A: In my opinion, this strategy can be used by FX/CFD Brokers only as a temporary promotion because it is tough to maintain it in a longer perspective. Usually, the costs associated with offering stocks are relatively high. They concern market data, exchange and settlement fees or connectivity fees. Some fintech companies, like Robinhood, applied such a strategy. Still, they make a profit rather on selling clients’ trading information to other companies, which cannot be compliant with the law, especially in the European Union. Some more prominent Brokers can bear the costs of shares trading for the clients, counting that it will still bring profits on other types of instruments. It can be a good but also risky strategy if the company will attract too many clients interested only in trading shares. The other way of making such offers sustainable is to hide the costs in the spread as markup; then most clients will not be aware that they are paying any commission to the Brokers.
Q: As a liquidity provider, do you think there is more place in the FX/CFD industry for other instruments linked to traditional financial markets? Looks like the options never gained popularity among FX/CFD traders. Are there any other instruments outside of our industry that could potentially be used and offered to FX/CFD traders?
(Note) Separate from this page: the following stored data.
(* Let $(X,d_X)$ be a complete metric space. Suppose that $U$ is a process on $X$ with pullback attractor $\mathfrak{A}=\{A(t)\}_{t\in\mathbb{R}}$ and that $S$ is a semigroup on $X$ with global attractor $\mathcal{A}$. Assume that (i) $\mathfrak{A}$ is forward bounded, i.e. there is a bounded set $B\subset X$ such that $\bigcup_{t\geq 0}A(t)\subset B$; (ii) for every $T>0$, $$\lim_{t\to\infty}\sup_{x\in B} d_X\big(U(t+T,t,x),S(T,x)\big)=0.$$ Then $\lim_{t\to\infty}\operatorname{dist}\big(A(t),\mathcal{A}\big)=0$.
   Context: A process on $X$ is a map $U:\{(t,\tau)\in\mathbb{R}^2:t\geq\tau\}\times X\to X$ with $U(\tau,\tau,x)=x$ and $U(t,s,U(s,\tau,x))=U(t,\tau,x)$ for all $t\geq s\geq\tau$, $x\in X$ (no continuity is assumed). A pullback attractor of $U$ is a family $\mathfrak{A}=\{A(t)\}_{t\in\mathbb{R}}$ of nonempty compact subsets of $X$ which is invariant ($U(t,\tau,A(\tau))=A(t)$ for all $t\geq\tau$), pullback attracts every nonempty bounded set $D\subset X$ (i.e. $\lim_{s\to\infty}\operatorname{dist}(U(t,t-s,D),A(t))=0$ for every $t\in\mathbb{R}$), and is minimal among families with these properties. A semigroup on $X$ is a map $S:[0,\infty)\times X\to X$ with $S(0,x)=x$ and $S(t+s,x)=S(t,S(s,x))$; its global attractor $\mathcal{A}$ is a nonempty compact set with $S(t,\mathcal{A})=\mathcal{A}$ for all $t\geq0$ that attracts every bounded set $D$: $\lim_{t\to\infty}\operatorname{dist}(S(t,D),\mathcal{A})=0$. Here $\operatorname{dist}(A,B)=\sup_{a\in A}\inf_{b\in B}d_X(a,b)$ is the Hausdorff semi-metric. *)

theory Defs
  imports "HOL-Analysis.Analysis" "HOL-Library.Extended_Real"
begin

text \<open>Hausdorff semi-distance dist(A,B) = sup over a in A of inf over b in B of d(a,b),
  valued in the extended reals so that unbounded suprema are represented faithfully.\<close>
definition hsemidist :: "'a::metric_space set \<Rightarrow> 'a set \<Rightarrow> ereal" where
  "hsemidist A B = (SUP a\<in>A. ereal (infdist a B))"

definition is_process :: "(real \<Rightarrow> real \<Rightarrow> 'a \<Rightarrow> 'a) \<Rightarrow> bool" where
  "is_process U \<longleftrightarrow>
     (\<forall>\<tau> x. U \<tau> \<tau> x = x) \<and>
     (\<forall>t s \<tau> x. t \<ge> s \<and> s \<ge> \<tau> \<longrightarrow> U t s (U s \<tau> x) = U t \<tau> x)"

definition is_semigroup :: "(real \<Rightarrow> 'a \<Rightarrow> 'a) \<Rightarrow> bool" where
  "is_semigroup S \<longleftrightarrow>
     (\<forall>x. S 0 x = x) \<and>
     (\<forall>t s x. t \<ge> 0 \<and> s \<ge> 0 \<longrightarrow> S (t + s) x = S t (S s x))"

definition pullback_attracts_bdd ::
  "(real \<Rightarrow> real \<Rightarrow> 'a::metric_space \<Rightarrow> 'a) \<Rightarrow> (real \<Rightarrow> 'a set) \<Rightarrow> bool" where
  "pullback_attracts_bdd U A \<longleftrightarrow>
     (\<forall>D t. D \<noteq> {} \<and> bounded D \<longrightarrow>
        ((\<lambda>s. hsemidist (U t (t - s) ` D) (A t)) \<longlongrightarrow> 0) at_top)"

definition pb_attractor_candidate ::
  "(real \<Rightarrow> real \<Rightarrow> 'a::metric_space \<Rightarrow> 'a) \<Rightarrow> (real \<Rightarrow> 'a set) \<Rightarrow> bool" where
  "pb_attractor_candidate U A \<longleftrightarrow>
     (\<forall>t. A t \<noteq> {} \<and> compact (A t)) \<and>
     (\<forall>t \<tau>. t \<ge> \<tau> \<longrightarrow> U t \<tau> ` A \<tau> = A t) \<and>
     pullback_attracts_bdd U A"

definition is_pullback_attractor ::
  "(real \<Rightarrow> real \<Rightarrow> 'a::metric_space \<Rightarrow> 'a) \<Rightarrow> (real \<Rightarrow> 'a set) \<Rightarrow> bool" where
  "is_pullback_attractor U A \<longleftrightarrow>
     pb_attractor_candidate U A \<and>
     (\<forall>C. pb_attractor_candidate U C \<longrightarrow> (\<forall>t. A t \<subseteq> C t))"

definition is_global_attractor ::
  "(real \<Rightarrow> 'a::metric_space \<Rightarrow> 'a) \<Rightarrow> 'a set \<Rightarrow> bool" where
  "is_global_attractor S GA \<longleftrightarrow>
     GA \<noteq> {} \<and> compact GA \<and>
     (\<forall>t\<ge>0. S t ` GA = GA) \<and>
     (\<forall>D. D \<noteq> {} \<and> bounded D \<longrightarrow>
        ((\<lambda>t. hsemidist (S t ` D) GA) \<longlongrightarrow> 0) at_top)"

end

theory Submission
  imports Defs
begin

text \<open>Fix \<open>\<epsilon> > 0\<close>. Since \<open>\<A>\<close> attracts the bounded set \<open>B\<close>, some \<open>T > 0\<close> has
  \<open>dist(S(T,B), \<A>) < \<epsilon>/2\<close>. By invariance and forward boundedness, for \<open>s \<ge> 0\<close> the section
  \<open>A(s+T) = U(s+T,s,A(s))\<close> lies in \<open>U(s+T,s,B)\<close>, which for large \<open>s\<close> is uniformly
  \<open>\<epsilon>/2\<close>-close to \<open>S(T,B)\<close>; the triangle inequality gives \<open>dist(A(s+T), \<A>) < \<epsilon>\<close>.\<close>

lemma ereal_tendsto_zeroI:
  fixes f :: "'b \<Rightarrow> ereal"
  assumes "\<forall>\<^sub>F x in F. 0 \<le> f x"
    and "\<And>e. e > 0 \<Longrightarrow> \<forall>\<^sub>F x in F. f x \<le> ereal e"
  shows "(f \<longlongrightarrow> 0) F"
proof (rule order_tendstoI)
  fix a :: ereal assume "a < 0"
  with assms(1) show "\<forall>\<^sub>F x in F. a < f x"
    by (auto elim: eventually_mono)
next
  fix u :: ereal assume "0 < u"
  then obtain e :: real where "0 < e" "ereal e < u"
    by (metis ereal_dense2 ereal_less(2) order.strict_trans)
  with assms(2)[of e] show "\<forall>\<^sub>F x in F. f x < u"
    by (auto elim: eventually_mono)
qed

lemma infdist_le_hsemidist: "a \<in> A \<Longrightarrow> ereal (infdist a C) \<le> hsemidist A C"
  unfolding hsemidist_def by (rule SUP_upper)

lemma hsemidist_nonneg:
  assumes "A \<noteq> {}"
  shows "0 \<le> hsemidist A C"
proof -
  obtain a where "a \<in> A"
    using assms by blast
  have "0 \<le> ereal (infdist a C)"
    by (simp add: infdist_nonneg)
  also have "\<dots> \<le> hsemidist A C"
    using \<open>a \<in> A\<close> by (rule infdist_le_hsemidist)
  finally show ?thesis .
qed

lemma hsemidist_mono: "A \<subseteq> A' \<Longrightarrow> hsemidist A C \<le> hsemidist A' C"
  unfolding hsemidist_def by (rule SUP_subset_mono) auto

lemma hsemidist_image_le_perturbation:
  "hsemidist (f ` D) C \<le> (SUP x\<in>D. ereal (dist (f x) (g x))) + hsemidist (g ` D) C"
  unfolding hsemidist_def image_image
proof (rule SUP_least)
  fix x assume "x \<in> D"
  have "ereal (infdist (f x) C) \<le> ereal (dist (f x) (g x)) + ereal (infdist (g x) C)"
    using infdist_triangle[of "f x" C "g x"] by (simp add: add.commute)
  also have "\<dots> \<le> (SUP x\<in>D. ereal (dist (f x) (g x))) + (SUP x\<in>D. ereal (infdist (g x) C))"
    using \<open>x \<in> D\<close> by (intro add_mono SUP_upper)
  finally show "ereal (infdist (f x) C) \<le> \<dots>" .
qed

lemma pullback_attractor_nonempty: "is_pullback_attractor U A \<Longrightarrow> A t \<noteq> {}"
  unfolding is_pullback_attractor_def pb_attractor_candidate_def by blast

lemma pullback_attractor_invariant:
  "is_pullback_attractor U A \<Longrightarrow> \<tau> \<le> t \<Longrightarrow> U t \<tau> ` A \<tau> = A t"
  unfolding is_pullback_attractor_def pb_attractor_candidate_def by blast

lemma global_attractor_attracts:
  "is_global_attractor S GA \<Longrightarrow> D \<noteq> {} \<Longrightarrow> bounded D \<Longrightarrow>
    ((\<lambda>t. hsemidist (S t ` D) GA) \<longlongrightarrow> 0) at_top"
  unfolding is_global_attractor_def by blast

lemma forward_bounded_section_le:
  assumes "is_pullback_attractor U A" and "(\<Union>t\<in>{0..}. A t) \<subseteq> B"
    and "0 \<le> s" and "0 \<le> T"
  shows "hsemidist (A (s + T)) C
      \<le> (SUP x\<in>B. ereal (dist (U (s + T) s x) (S T x))) + hsemidist (S T ` B) C"
proof -
  have "A (s + T) = U (s + T) s ` A s"
    using pullback_attractor_invariant[OF assms(1)] \<open>0 \<le> T\<close> by simp
  also have "\<dots> \<subseteq> U (s + T) s ` B"
    using assms(2,3) by auto
  finally have "hsemidist (A (s + T)) C \<le> hsemidist (U (s + T) s ` B) C"
    by (rule hsemidist_mono)
  also have "\<dots> \<le> (SUP x\<in>B. ereal (dist (U (s + T) s x) (S T x))) + hsemidist (S T ` B) C"
    by (rule hsemidist_image_le_perturbation)
  finally show ?thesis .
qed

theorem theorem2p2:
  fixes U :: "real \<Rightarrow> real \<Rightarrow> 'a::complete_space \<Rightarrow> 'a"
    and S :: "real \<Rightarrow> 'a \<Rightarrow> 'a"
    and A :: "real \<Rightarrow> 'a set"
    and GA :: "'a set"
    and B :: "'a set"
  assumes "is_process U"
    and "is_pullback_attractor U A"
    and "is_semigroup S"
    and "is_global_attractor S GA"
    and "bounded B"
    and "(\<Union>t\<in>{0..}. A t) \<subseteq> B"
    and "\<And>T. T > 0 \<Longrightarrow>
           ((\<lambda>t. SUP x\<in>B. ereal (dist (U (t + T) t x) (S T x))) \<longlongrightarrow> 0) at_top"
  shows "((\<lambda>t. hsemidist (A t) GA) \<longlongrightarrow> 0) at_top"
proof (rule ereal_tendsto_zeroI)
  show "\<forall>\<^sub>F t in at_top. 0 \<le> hsemidist (A t) GA"
    using pullback_attractor_nonempty[OF assms(2)] by (simp add: hsemidist_nonneg)
  fix e :: real assume "e > 0"
  have "B \<noteq> {}"
    using pullback_attractor_nonempty[OF assms(2), of 0] assms(6) by auto
  have "\<forall>\<^sub>F T in at_top. hsemidist (S T ` B) GA < ereal (e/2) \<and> T > 0"
    using global_attractor_attracts[OF assms(4) \<open>B \<noteq> {}\<close> assms(5)] \<open>e > 0\<close>
    by (intro eventually_conj order_tendstoD eventually_gt_at_top) auto
  then obtain T where "T > 0" and T: "hsemidist (S T ` B) GA < ereal (e/2)"
    using eventually_happens'[OF trivial_limit_at_top_linorder] by blast
  have "\<forall>\<^sub>F s in at_top. (SUP x\<in>B. ereal (dist (U (s + T) s x) (S T x))) < ereal (e/2) \<and> s \<ge> 0"
    using assms(7)[OF \<open>T > 0\<close>] \<open>e > 0\<close>
    by (intro eventually_conj order_tendstoD eventually_ge_at_top) auto
  then obtain s0 where s0: "\<And>s. s \<ge> s0 \<Longrightarrow>
      (SUP x\<in>B. ereal (dist (U (s + T) s x) (S T x))) < ereal (e/2) \<and> s \<ge> 0"
    unfolding eventually_at_top_linorder by blast
  show "\<forall>\<^sub>F t in at_top. hsemidist (A t) GA \<le> ereal e"
  proof (rule eventually_at_top_linorderI)
    fix t assume "t \<ge> s0 + T"
    then have "(SUP x\<in>B. ereal (dist (U t (t - T) x) (S T x))) < ereal (e/2)" "t - T \<ge> 0"
      using s0[of "t - T"] by auto
    moreover have "hsemidist (A t) GA
        \<le> (SUP x\<in>B. ereal (dist (U t (t - T) x) (S T x))) + hsemidist (S T ` B) GA"
      using forward_bounded_section_le[OF assms(2,6) \<open>t - T \<ge> 0\<close>, of T GA S] \<open>T > 0\<close> by simp
    ultimately have "hsemidist (A t) GA < ereal (e/2) + ereal (e/2)"
      using T by (meson ereal_add_strict_mono2 order.strict_trans1)
    then show "hsemidist (A t) GA \<le> ereal e"
      by simp
  qed
qed

end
A: We believe that clients prefer simplicity and transparency, so the more sophisticated the product is, the less attention it will get. In other words, adding new, complicated products won’t make any sense as clients will treat it only as a bonus. Some Brokers even invent entirely new instruments which are either synthetic or randomly generated. Still, if there is no exact reference to the market, clients will not feel safe trading those instruments. I think that FX Brokers should invest more in crypto instruments and offer, for example, a set of indices based on cryptocurrencies and less popular coins. It is also worth noting that the Brokers did not adopt instruments based on CDS (Credit-Default-Swaps). Although, in my opinion, they could attract quite an interest among clients, especially in times of turmoils on specific markets.
Q: Which sectors of trading(fx, crypto, commodities, stocks/indices) do you consider to be the most important in the nearest 2-3 years. Where will most of the retail trading take place in your opinion?
A: From our observations, we can see that the popularity of specific asset classes heavily depends on the region. We see that Middle-East, India or South-East Asia is mostly interested in trading FX, precious metals and energy products. By contrast, investors in Europe, South America and Africa like to trade indices and a wide range of commodities, which usually have higher volatility than FX instruments. Also, crypto leveraged products are gaining popularity. From the other side, more and more crypto exchanges enter the leveraged market because they notice a certain trend among investors and seek the occasion to increase their trading volumes and profits. We think that crypto exchanges can at some point become real competition for FX Brokers because they can easily increase their product range by adding instruments used only by FX Brokers so far. On the other hand, we don’t see trading stocks as the main product, as it requires a lot of technical and legal resources to manage, and many specialized brokerage houses are offering them in much better condition.